Curriculum Learning Reward Shaping
Inspired by toddler development, this paper proposes a Sparse-to-Dense (S2D) reward curriculum that starts with free exploration and transitions to potential-based dense rewards, improving generalization and smoothing the policy loss landscape.
Core Problem
Static reward densities fail to balance exploration and exploitation effectively: sparse rewards slow down learning, while dense rewards often bias agents toward suboptimal local minima.
Why it matters:
  • Complex environments with high-dimensional inputs (e.g., egocentric 3D observations) require extensive exploration that dense rewards discourage.
  • Existing methods relying solely on one reward type or Dense-to-Sparse transitions struggle to maintain optimal strategies or achieve robustness.
  • Rugged policy loss landscapes in deep RL make optimization volatile and challenging, hindering generalization.

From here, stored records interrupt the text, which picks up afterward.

(* Let $Y$ be the set of functions $F(\gamma)=f(\gamma(s_1),\dots,\gamma(s_k))$, $\gamma\in C_0([0,1];\mathbb R^d)$, where $k\in\mathbb N$, $0<s_1<\dots<s_k=1$ with $s_1,\dots,s_k\in\{l/2^n:l\in\{1,\dots,2^n\}\}$ for some $n\in\mathbb N$, and $f\in C^\infty_p((\mathbb R^d)^k)$; and let $\tilde Y$ be the set of functions $F(\gamma)=f(\langle S_1,\gamma\rangle,\dots,\langle S_k,\gamma\rangle)$ with $k\in\mathbb N$, $f\in C^\infty_p(\mathbb R^k)$. Then $Y=\tilde Y$.
   Context: Fix $d\in\mathbb N$, $(e_j)$ standard basis of $\mathbb R^d$. $C_0([0,1];\mathbb R^d)$ is the space of continuous $\gamma:[0,1]\to\mathbb R^d$ with $\gamma(0)=0$. $C^\infty_p(\mathbb R^N)$ denotes the infinitely differentiable real functions all of whose partial derivatives are of at most polynomial growth. Haar functions: $H_1\equiv1$, and for $m\ge0$, $k=1,\dots,2^m$: $H_{2^m+k}=2^{m/2}$ on $[\frac{2k-2}{2^{m+1}},\frac{2k-1}{2^{m+1}})$, $-2^{m/2}$ on $[\frac{2k-1}{2^{m+1}},\frac{2k}{2^{m+1}})$, $0$ otherwise. $g_{d(r-1)+j}:=H_re_j$ ($r\in\mathbb N$, $1\le j\le d$), $S_i(s):=\int_0^sg_i(u)du$, and $\langle S_i,\gamma\rangle:=\int_0^1g_i(u)\cdot d\gamma_u$ (Stieltjes integral of the step function $g_i$). *)

theory Defs
  imports "HOL-Analysis.Analysis"
begin

text \<open>Points of R^d are represented as functions nat => real whose
coordinates 0..d-1 are the (0-based) coordinates; coordinates >= d are 0.
Points of R^N (N = d*k or N = k) are likewise nat => real, and a function on R^N
is a function (nat => real) => real that only depends on the first N coordinates.\<close>

definition C0 :: "nat \<Rightarrow> (real \<Rightarrow> nat \<Rightarrow> real) set" where
  "C0 d = {\<gamma>. (\<forall>j<d. continuous_on {0..1} (\<lambda>t. \<gamma> t j)) \<and> (\<forall>j<d. \<gamma> 0 j = 0)
              \<and> (\<forall>t j. d \<le> j \<longrightarrow> \<gamma> t j = 0)}"

fun iter_pd :: "nat list \<Rightarrow> ((nat \<Rightarrow> real) \<Rightarrow> real) \<Rightarrow> (nat \<Rightarrow> real) \<Rightarrow> real" where
  "iter_pd [] f = f"
| "iter_pd (i # is) f = (\<lambda>x. deriv (\<lambda>t. iter_pd is f (x(i := t))) (x i))"

definition normN :: "nat \<Rightarrow> (nat \<Rightarrow> real) \<Rightarrow> real" where
  "normN N x = sqrt (\<Sum>i<N. (x i)\<^sup>2)"

definition Cinf_p :: "nat \<Rightarrow> ((nat \<Rightarrow> real) \<Rightarrow> real) \<Rightarrow> bool" where
  "Cinf_p N f \<longleftrightarrow>
     (\<forall>x. f x = f (\<lambda>i. if i < N then x i else 0)) \<and>
     (\<forall>is. set is \<subseteq> {..<N} \<longrightarrow>
        (\<forall>x. \<forall>i<N. (\<lambda>t. iter_pd is f (x(i := t))) differentiable (at (x i))) \<and>
        continuous_on UNIV (iter_pd is f) \<and>
        (\<exists>C m. \<forall>x. \<bar>iter_pd is f x\<bar> \<le> C * (1 + normN N x) ^ m))"

definition haar_mk :: "nat \<Rightarrow> nat \<Rightarrow> real \<Rightarrow> real" where
  "haar_mk m k u =
     (if (2*real k - 2) / 2^(m+1) \<le> u \<and> u < (2*real k - 1) / 2^(m+1) then 2 powr (real m / 2)
      else if (2*real k - 1) / 2^(m+1) \<le> u \<and> u < (2*real k) / 2^(m+1) then - (2 powr (real m / 2))
      else 0)"

definition haar :: "nat \<Rightarrow> real \<Rightarrow> real" where
  "haar r u = (if r = 1 then 1
     else (\<Sum>m<r. \<Sum>k\<in>{1..2^m}. if r = 2^m + k then haar_mk m k u else 0))"

definition stieltjes01 :: "(real \<Rightarrow> real) \<Rightarrow> (real \<Rightarrow> real) \<Rightarrow> real" where
  "stieltjes01 g c = lim (\<lambda>N. \<Sum>l<(2::nat)^N.
       g (real l / 2^N) * (c (real (l+1) / 2^N) - c (real l / 2^N)))"

text \<open>Pairing <S_i, gamma> = int_0^1 g_i . d gamma, where g_{d(r-1)+j} = H_r e_j
(i >= 1, j in 1..d; in 0-based coordinates the component is (i-1) mod d).\<close>
definition pairing :: "nat \<Rightarrow> nat \<Rightarrow> (real \<Rightarrow> nat \<Rightarrow> real) \<Rightarrow> real" where
  "pairing d i \<gamma> = stieltjes01 (haar ((i - 1) div d + 1)) (\<lambda>t. \<gamma> t ((i - 1) mod d))"

definition Ycyl :: "nat \<Rightarrow> ((real \<Rightarrow> nat \<Rightarrow> real) \<Rightarrow> real) set" where
  "Ycyl d = {F. \<exists>(k::nat) (n::nat) (s::nat \<Rightarrow> real) f.
      k \<ge> 1 \<and> 0 < s 0 \<and> (\<forall>i j. i < j \<and> j < k \<longrightarrow> s i < s j) \<and> s (k - 1) = 1 \<and>
      (\<forall>i<k. \<exists>l\<in>{1..(2::nat)^n}. s i = real l / 2^n) \<and>
      Cinf_p (d * k) f \<and>
      F = (\<lambda>\<gamma>. if \<gamma> \<in> C0 d
                then f (\<lambda>i. if i < d * k then \<gamma> (s (i div d)) (i mod d) else 0)
                else 0)}"

definition Ytilde :: "nat \<Rightarrow> ((real \<Rightarrow> nat \<Rightarrow> real) \<Rightarrow> real) set" where
  "Ytilde d = {F. \<exists>(k::nat) f. k \<ge> 1 \<and> Cinf_p k f \<and>
      F = (\<lambda>\<gamma>. if \<gamma> \<in> C0 d
                then f (\<lambda>i. if i < k then pairing d (Suc i) \<gamma> else 0)
                else 0)}"

end

theory Submission
  imports Defs
begin

text \<open>
  On paths vanishing at \<open>0\<close>, the pairing of \<open>\<gamma>\<close> with \<open>H\<^sub>1 e\<^sub>c\<close> is \<open>\<gamma>(1)\<^sub>c\<close>, and pairing with a Haar
  function of level \<open>m\<close> is a multiple of the second difference
  \<open>2 \<gamma>(mid) - \<gamma>(left) - \<gamma>(right)\<close> over a dyadic interval of length \<open>2^-m\<close>. Hence the
  pairings \<open>\<langle>S\<^sub>i, \<gamma>\<rangle>\<close> with \<open>i \<le> d 2^n\<close> and the values \<open>\<gamma>(l/2^n)\<^sub>c\<close> are linear combinations of
  each other (by induction on \<open>n\<close>, solving the Schauder relation for the midpoint value).
  A cylinder function of one family of coordinates is thus \<open>f \<circ> A\<close> for a matrix \<open>A\<close> applied to
  the other family, and \<open>C\<^sup>\<infinity>\<^sub>p\<close> is invariant under \<open>f \<mapsto> f \<circ> A\<close>: by the chain rule every
  iterated partial derivative of \<open>f \<circ> A\<close> is a linear combination of those of \<open>f\<close> composed
  with \<open>A\<close>, and \<open>|A x| \<le> \<parallel>A\<parallel> |x|\<close> preserves polynomial growth.
\<close>

section \<open>Partial derivatives along lines\<close>

definition partial_deriv :: "nat \<Rightarrow> ((nat \<Rightarrow> real) \<Rightarrow> real) \<Rightarrow> (nat \<Rightarrow> real) \<Rightarrow> real" where
  "partial_deriv j h x = deriv (\<lambda>t. h (x(j := t))) (x j)"

lemma iter_pd_Cons: "iter_pd (j # js) f = partial_deriv j (iter_pd js f)"
  by (simp add: partial_deriv_def fun_eq_iff)

lemma DERIV_partial:
  assumes "\<And>x. (\<lambda>t. h (x(j := t))) differentiable (at (x j))"
  shows "((\<lambda>t. h (x(j := t))) has_real_derivative partial_deriv j h (x(j := t))) (at t)"
  using assms[of "x(j := t)"] by (simp add: partial_deriv_def DERIV_deriv_iff_real_differentiable)

lemma MVT_unordered:
  fixes g g' :: "real \<Rightarrow> real"
  assumes "\<And>t. (g has_real_derivative g' t) (at t)"
  shows "\<exists>\<xi>. \<bar>\<xi> - a\<bar> \<le> \<bar>b - a\<bar> \<and> g b - g a = (b - a) * g' \<xi>"
proof (cases a b rule: linorder_cases)
  case less
  with MVT2[OF less, of g g'] assms show ?thesis
    by (metis abs_of_pos diff_gt_0_iff_gt diff_strict_right_mono less_imp_le)
next
  case greater
  with MVT2[OF greater, of g g'] assms obtain z where "b < z" "z < a" "g a - g b = (a - b) * g' z"
    by blast
  then show ?thesis by (intro exI[of _ z]) (auto simp: algebra_simps)
qed simp

lemma tendsto_fun_componentwise:
  fixes f :: "'a \<Rightarrow> 'b \<Rightarrow> real"
  assumes "\<And>i. ((\<lambda>c. f c i) \<longlongrightarrow> l i) F"
  shows "(f \<longlongrightarrow> l) F"
proof -
  have "limitin (product_topology (\<lambda>i. euclidean) UNIV) f l F"
    using assms by (subst limitin_componentwise) auto
  then show ?thesis by (simp add: euclidean_product_topology)
qed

Concrete Example: In a maze, an agent with only dense rewards might get stuck trying to walk through a wall toward the goal (short-term gain), while an agent with only sparse rewards might wander aimlessly without ever finding the goal due to lack of feedback.
Key Novelty
Toddler-Inspired Sparse-to-Dense (S2D) Reward Transition
  • mimics human toddlers who transition from 'innate explorers' (engaging with environments without immediate rewards) to goal-directed learners guided by denser feedback
  • Uses Potential-Based Reward Shaping (PBRS) to densify rewards during the transition while theoretically preserving the optimal policy
  • Reverses the conventional 'easy-to-hard' or 'dense-to-sparse' intuition by prioritizing early free exploration to build robust cognitive maps before optimization
Architecture
Architecture Figure Figure 1
Conceptual illustration of the Toddler-inspired Reward Transition
Breakthrough Assessment
7/10
Offers a counter-intuitive but biologically grounded approach (Sparse-to-Dense) that addresses the specific problem of loss landscape smoothing in RL, though results in the provided text are qualitative.